(Data entries)
((
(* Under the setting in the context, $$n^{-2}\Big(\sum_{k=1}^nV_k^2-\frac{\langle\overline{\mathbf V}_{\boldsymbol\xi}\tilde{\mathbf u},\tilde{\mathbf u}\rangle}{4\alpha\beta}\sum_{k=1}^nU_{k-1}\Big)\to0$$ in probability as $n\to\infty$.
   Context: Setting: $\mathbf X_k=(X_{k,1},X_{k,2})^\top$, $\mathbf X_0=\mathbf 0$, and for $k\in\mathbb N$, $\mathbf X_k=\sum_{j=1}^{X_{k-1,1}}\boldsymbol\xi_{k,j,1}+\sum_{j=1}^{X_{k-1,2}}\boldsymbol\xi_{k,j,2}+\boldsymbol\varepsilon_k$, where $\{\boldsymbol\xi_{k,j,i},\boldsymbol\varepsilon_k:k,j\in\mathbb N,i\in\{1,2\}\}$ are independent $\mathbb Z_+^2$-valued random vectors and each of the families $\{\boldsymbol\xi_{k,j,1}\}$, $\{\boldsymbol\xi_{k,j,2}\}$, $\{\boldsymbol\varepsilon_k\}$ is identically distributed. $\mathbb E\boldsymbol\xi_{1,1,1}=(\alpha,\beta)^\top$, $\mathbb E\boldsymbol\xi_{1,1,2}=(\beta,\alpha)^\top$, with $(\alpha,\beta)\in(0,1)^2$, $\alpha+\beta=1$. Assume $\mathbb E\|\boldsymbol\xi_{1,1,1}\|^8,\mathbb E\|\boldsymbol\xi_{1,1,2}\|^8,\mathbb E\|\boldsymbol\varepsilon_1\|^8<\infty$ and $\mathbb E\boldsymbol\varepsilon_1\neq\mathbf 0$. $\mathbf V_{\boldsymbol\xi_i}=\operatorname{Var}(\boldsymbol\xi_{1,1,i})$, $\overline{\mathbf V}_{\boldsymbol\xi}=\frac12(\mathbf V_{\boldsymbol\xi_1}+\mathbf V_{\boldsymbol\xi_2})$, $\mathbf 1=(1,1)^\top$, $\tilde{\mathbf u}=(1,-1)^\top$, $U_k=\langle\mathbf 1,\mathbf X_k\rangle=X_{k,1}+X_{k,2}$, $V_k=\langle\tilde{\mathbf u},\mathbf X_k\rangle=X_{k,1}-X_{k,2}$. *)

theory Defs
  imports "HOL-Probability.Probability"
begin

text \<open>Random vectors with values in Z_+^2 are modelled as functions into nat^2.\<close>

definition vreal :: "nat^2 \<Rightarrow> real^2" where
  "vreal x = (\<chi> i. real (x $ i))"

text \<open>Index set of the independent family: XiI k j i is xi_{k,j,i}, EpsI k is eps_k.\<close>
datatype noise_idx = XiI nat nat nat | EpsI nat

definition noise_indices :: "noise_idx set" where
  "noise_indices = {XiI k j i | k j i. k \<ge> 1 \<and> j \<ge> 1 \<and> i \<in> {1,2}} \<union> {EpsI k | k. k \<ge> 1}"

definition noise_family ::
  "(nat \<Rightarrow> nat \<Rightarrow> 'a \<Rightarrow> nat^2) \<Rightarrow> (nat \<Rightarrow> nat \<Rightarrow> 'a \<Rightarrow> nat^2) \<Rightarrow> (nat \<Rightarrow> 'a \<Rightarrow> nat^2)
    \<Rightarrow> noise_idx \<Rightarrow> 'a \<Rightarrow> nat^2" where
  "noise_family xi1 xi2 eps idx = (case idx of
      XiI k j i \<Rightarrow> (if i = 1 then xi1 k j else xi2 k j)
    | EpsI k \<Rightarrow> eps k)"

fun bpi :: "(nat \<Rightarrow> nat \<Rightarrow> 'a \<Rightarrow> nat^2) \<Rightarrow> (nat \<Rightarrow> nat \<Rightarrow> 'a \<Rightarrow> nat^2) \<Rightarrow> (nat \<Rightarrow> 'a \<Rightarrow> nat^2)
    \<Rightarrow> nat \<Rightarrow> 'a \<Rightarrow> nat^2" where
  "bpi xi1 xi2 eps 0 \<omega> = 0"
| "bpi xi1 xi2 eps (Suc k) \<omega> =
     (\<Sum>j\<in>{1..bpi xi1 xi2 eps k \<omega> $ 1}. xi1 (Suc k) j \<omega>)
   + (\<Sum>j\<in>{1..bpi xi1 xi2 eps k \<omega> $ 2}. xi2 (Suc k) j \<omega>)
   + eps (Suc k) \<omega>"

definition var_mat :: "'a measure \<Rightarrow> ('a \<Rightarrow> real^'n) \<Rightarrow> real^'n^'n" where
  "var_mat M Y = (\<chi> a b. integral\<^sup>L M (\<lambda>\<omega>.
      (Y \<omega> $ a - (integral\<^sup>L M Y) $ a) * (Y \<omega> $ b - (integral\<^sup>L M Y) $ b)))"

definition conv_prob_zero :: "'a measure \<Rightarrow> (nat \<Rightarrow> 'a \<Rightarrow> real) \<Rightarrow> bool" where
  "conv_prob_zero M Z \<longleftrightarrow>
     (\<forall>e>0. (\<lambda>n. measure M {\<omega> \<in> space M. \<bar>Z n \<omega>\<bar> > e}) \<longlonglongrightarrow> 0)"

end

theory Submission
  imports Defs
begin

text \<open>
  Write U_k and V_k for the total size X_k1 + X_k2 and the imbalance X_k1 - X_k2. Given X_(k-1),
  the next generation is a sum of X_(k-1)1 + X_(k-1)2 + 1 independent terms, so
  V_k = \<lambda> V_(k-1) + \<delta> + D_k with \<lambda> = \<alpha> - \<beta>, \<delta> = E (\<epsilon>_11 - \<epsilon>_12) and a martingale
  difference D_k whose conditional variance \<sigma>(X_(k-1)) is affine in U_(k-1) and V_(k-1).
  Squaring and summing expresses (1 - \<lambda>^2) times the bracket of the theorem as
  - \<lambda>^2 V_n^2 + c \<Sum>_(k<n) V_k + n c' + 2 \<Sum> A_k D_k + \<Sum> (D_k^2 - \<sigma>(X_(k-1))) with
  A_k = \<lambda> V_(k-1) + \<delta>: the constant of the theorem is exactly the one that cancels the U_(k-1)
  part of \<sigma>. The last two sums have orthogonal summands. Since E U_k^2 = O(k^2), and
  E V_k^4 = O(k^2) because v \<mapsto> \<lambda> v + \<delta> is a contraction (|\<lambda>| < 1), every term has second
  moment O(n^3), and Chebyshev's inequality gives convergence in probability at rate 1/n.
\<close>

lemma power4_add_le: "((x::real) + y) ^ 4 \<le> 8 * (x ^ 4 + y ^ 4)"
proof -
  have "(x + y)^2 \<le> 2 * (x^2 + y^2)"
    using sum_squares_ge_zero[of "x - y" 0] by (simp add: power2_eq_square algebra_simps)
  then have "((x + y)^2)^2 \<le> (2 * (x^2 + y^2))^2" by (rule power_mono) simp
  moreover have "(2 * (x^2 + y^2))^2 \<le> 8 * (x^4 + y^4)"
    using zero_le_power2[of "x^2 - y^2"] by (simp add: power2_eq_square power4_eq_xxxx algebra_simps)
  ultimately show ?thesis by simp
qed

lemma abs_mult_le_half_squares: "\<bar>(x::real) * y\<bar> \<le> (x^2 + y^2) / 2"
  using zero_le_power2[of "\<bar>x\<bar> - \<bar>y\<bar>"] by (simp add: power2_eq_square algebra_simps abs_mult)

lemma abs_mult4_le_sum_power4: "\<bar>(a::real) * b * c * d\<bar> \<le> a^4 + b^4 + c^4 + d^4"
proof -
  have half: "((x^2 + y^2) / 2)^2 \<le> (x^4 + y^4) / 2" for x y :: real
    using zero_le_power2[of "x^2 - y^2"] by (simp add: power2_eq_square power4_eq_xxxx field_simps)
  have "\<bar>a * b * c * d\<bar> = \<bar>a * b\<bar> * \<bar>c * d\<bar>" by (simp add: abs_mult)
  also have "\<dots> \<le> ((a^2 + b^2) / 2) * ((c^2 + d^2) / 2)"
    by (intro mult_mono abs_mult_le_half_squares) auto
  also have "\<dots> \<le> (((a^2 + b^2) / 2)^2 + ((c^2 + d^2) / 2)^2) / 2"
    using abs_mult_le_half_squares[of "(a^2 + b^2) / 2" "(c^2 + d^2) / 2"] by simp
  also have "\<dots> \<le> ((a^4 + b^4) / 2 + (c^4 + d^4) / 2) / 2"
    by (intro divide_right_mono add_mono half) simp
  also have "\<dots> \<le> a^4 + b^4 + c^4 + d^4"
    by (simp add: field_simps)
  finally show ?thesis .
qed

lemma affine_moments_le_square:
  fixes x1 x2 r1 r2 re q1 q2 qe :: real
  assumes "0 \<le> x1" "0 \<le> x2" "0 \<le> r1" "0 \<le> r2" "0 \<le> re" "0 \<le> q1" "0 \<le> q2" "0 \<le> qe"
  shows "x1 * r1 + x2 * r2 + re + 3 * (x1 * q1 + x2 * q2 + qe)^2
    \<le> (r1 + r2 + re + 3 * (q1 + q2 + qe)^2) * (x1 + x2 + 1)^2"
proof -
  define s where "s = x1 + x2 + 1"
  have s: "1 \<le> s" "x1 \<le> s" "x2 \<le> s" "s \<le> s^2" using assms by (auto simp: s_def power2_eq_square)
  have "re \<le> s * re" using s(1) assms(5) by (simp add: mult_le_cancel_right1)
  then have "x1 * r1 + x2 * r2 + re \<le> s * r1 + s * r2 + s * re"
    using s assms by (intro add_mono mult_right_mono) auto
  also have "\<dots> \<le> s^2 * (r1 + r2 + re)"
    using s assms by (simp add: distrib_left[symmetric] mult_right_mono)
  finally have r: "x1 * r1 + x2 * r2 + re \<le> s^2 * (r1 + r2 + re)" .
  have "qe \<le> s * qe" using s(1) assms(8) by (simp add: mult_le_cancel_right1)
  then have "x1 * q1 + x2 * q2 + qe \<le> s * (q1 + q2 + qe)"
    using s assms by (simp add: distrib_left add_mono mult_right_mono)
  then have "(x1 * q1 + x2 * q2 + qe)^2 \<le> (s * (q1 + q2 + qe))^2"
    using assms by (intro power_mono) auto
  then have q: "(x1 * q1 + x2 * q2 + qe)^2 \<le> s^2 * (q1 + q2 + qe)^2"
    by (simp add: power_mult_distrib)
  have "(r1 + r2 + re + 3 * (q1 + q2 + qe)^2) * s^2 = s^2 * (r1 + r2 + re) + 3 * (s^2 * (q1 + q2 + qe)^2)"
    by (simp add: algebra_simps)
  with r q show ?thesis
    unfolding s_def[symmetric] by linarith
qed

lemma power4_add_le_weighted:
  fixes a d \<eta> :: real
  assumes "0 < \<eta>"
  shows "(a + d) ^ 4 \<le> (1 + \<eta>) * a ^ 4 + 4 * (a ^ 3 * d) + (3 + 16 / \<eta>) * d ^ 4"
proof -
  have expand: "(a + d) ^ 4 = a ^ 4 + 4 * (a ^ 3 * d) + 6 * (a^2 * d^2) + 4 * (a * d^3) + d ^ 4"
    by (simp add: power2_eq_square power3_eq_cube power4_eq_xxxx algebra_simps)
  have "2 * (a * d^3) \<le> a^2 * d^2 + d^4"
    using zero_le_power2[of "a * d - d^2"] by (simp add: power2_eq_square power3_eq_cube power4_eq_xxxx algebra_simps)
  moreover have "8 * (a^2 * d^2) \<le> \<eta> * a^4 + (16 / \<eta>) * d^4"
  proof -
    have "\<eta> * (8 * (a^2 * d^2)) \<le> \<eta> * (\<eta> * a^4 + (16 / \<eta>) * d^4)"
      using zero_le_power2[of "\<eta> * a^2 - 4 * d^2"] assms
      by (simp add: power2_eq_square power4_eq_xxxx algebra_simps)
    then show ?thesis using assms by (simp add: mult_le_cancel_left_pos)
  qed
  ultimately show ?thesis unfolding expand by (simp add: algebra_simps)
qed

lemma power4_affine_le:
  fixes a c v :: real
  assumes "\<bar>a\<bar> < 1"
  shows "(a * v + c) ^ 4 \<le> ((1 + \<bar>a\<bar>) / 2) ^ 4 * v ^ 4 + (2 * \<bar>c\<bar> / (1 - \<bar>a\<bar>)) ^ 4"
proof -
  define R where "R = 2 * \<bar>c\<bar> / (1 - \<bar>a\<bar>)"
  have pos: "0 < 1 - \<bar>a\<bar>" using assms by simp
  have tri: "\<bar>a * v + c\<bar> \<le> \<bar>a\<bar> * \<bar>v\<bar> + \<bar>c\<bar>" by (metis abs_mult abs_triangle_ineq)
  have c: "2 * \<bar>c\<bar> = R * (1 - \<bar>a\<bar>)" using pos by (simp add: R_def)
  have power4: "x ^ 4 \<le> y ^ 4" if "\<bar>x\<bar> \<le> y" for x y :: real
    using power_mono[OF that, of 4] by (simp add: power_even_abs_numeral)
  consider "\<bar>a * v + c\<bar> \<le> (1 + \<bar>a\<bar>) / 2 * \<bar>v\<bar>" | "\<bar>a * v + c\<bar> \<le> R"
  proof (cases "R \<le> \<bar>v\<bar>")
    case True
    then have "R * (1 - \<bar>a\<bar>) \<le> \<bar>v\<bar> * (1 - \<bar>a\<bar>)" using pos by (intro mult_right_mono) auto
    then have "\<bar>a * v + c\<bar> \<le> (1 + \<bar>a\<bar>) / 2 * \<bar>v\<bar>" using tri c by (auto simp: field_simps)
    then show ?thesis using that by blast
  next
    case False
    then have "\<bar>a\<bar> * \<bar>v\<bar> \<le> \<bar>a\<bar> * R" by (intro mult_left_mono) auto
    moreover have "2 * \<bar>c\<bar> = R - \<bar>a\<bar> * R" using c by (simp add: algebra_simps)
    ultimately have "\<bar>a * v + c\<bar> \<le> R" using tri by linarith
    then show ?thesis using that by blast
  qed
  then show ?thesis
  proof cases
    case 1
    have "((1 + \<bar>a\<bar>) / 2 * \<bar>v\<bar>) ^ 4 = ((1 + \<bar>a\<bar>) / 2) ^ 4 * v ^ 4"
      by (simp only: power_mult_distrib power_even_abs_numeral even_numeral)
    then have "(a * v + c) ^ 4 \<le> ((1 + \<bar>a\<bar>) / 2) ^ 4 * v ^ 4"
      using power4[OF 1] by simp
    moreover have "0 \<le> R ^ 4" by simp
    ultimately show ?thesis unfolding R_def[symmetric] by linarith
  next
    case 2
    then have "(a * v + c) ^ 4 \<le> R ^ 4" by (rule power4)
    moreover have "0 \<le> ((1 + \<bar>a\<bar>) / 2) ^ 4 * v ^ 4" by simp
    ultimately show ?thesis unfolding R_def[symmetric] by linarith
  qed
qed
))
▶ _Directions_: Which lines hold the word "rangle"? Return all of them from the records above.

▶ _Solution for this problem_:
(* Under the setting in the context, $$n^{-2}\Big(\sum_{k=1}^nV_k^2-\frac{\langle\overline{\mathbf V}_{\boldsymbol\xi}\tilde{\mathbf u},\tilde{\mathbf u}\rangle}{4\alpha\beta}\sum_{k=1}^nU_{k-1}\Big)\to0$$ in probability as $n\to\infty$.
   Context: Setting: $\mathbf X_k=(X_{k,1},X_{k,2})^\top$, $\mathbf X_0=\mathbf 0$, and for $k\in\mathbb N$, $\mathbf X_k=\sum_{j=1}^{X_{k-1,1}}\boldsymbol\xi_{k,j,1}+\sum_{j=1}^{X_{k-1,2}}\boldsymbol\xi_{k,j,2}+\boldsymbol\varepsilon_k$, where $\{\boldsymbol\xi_{k,j,i},\boldsymbol\varepsilon_k:k,j\in\mathbb N,i\in\{1,2\}\}$ are independent $\mathbb Z_+^2$-valued random vectors and each of the families $\{\boldsymbol\xi_{k,j,1}\}$, $\{\boldsymbol\xi_{k,j,2}\}$, $\{\boldsymbol\varepsilon_k\}$ is identically distributed. $\mathbb E\boldsymbol\xi_{1,1,1}=(\alpha,\beta)^\top$, $\mathbb E\boldsymbol\xi_{1,1,2}=(\beta,\alpha)^\top$, with $(\alpha,\beta)\in(0,1)^2$, $\alpha+\beta=1$. Assume $\mathbb E\|\boldsymbol\xi_{1,1,1}\|^8,\mathbb E\|\boldsymbol\xi_{1,1,2}\|^8,\mathbb E\|\boldsymbol\varepsilon_1\|^8<\infty$ and $\mathbb E\boldsymbol\varepsilon_1\neq\mathbf 0$. $\mathbf V_{\boldsymbol\xi_i}=\operatorname{Var}(\boldsymbol\xi_{1,1,i})$, $\overline{\mathbf V}_{\boldsymbol\xi}=\frac12(\mathbf V_{\boldsymbol\xi_1}+\mathbf V_{\boldsymbol\xi_2})$, $\mathbf 1=(1,1)^\top$, $\tilde{\mathbf u}=(1,-1)^\top$, $U_k=\langle\mathbf 1,\mathbf X_k\rangle=X_{k,1}+X_{k,2}$, $V_k=\langle\tilde{\mathbf u},\mathbf X_k\rangle=X_{k,1}-X_{k,2}$. *)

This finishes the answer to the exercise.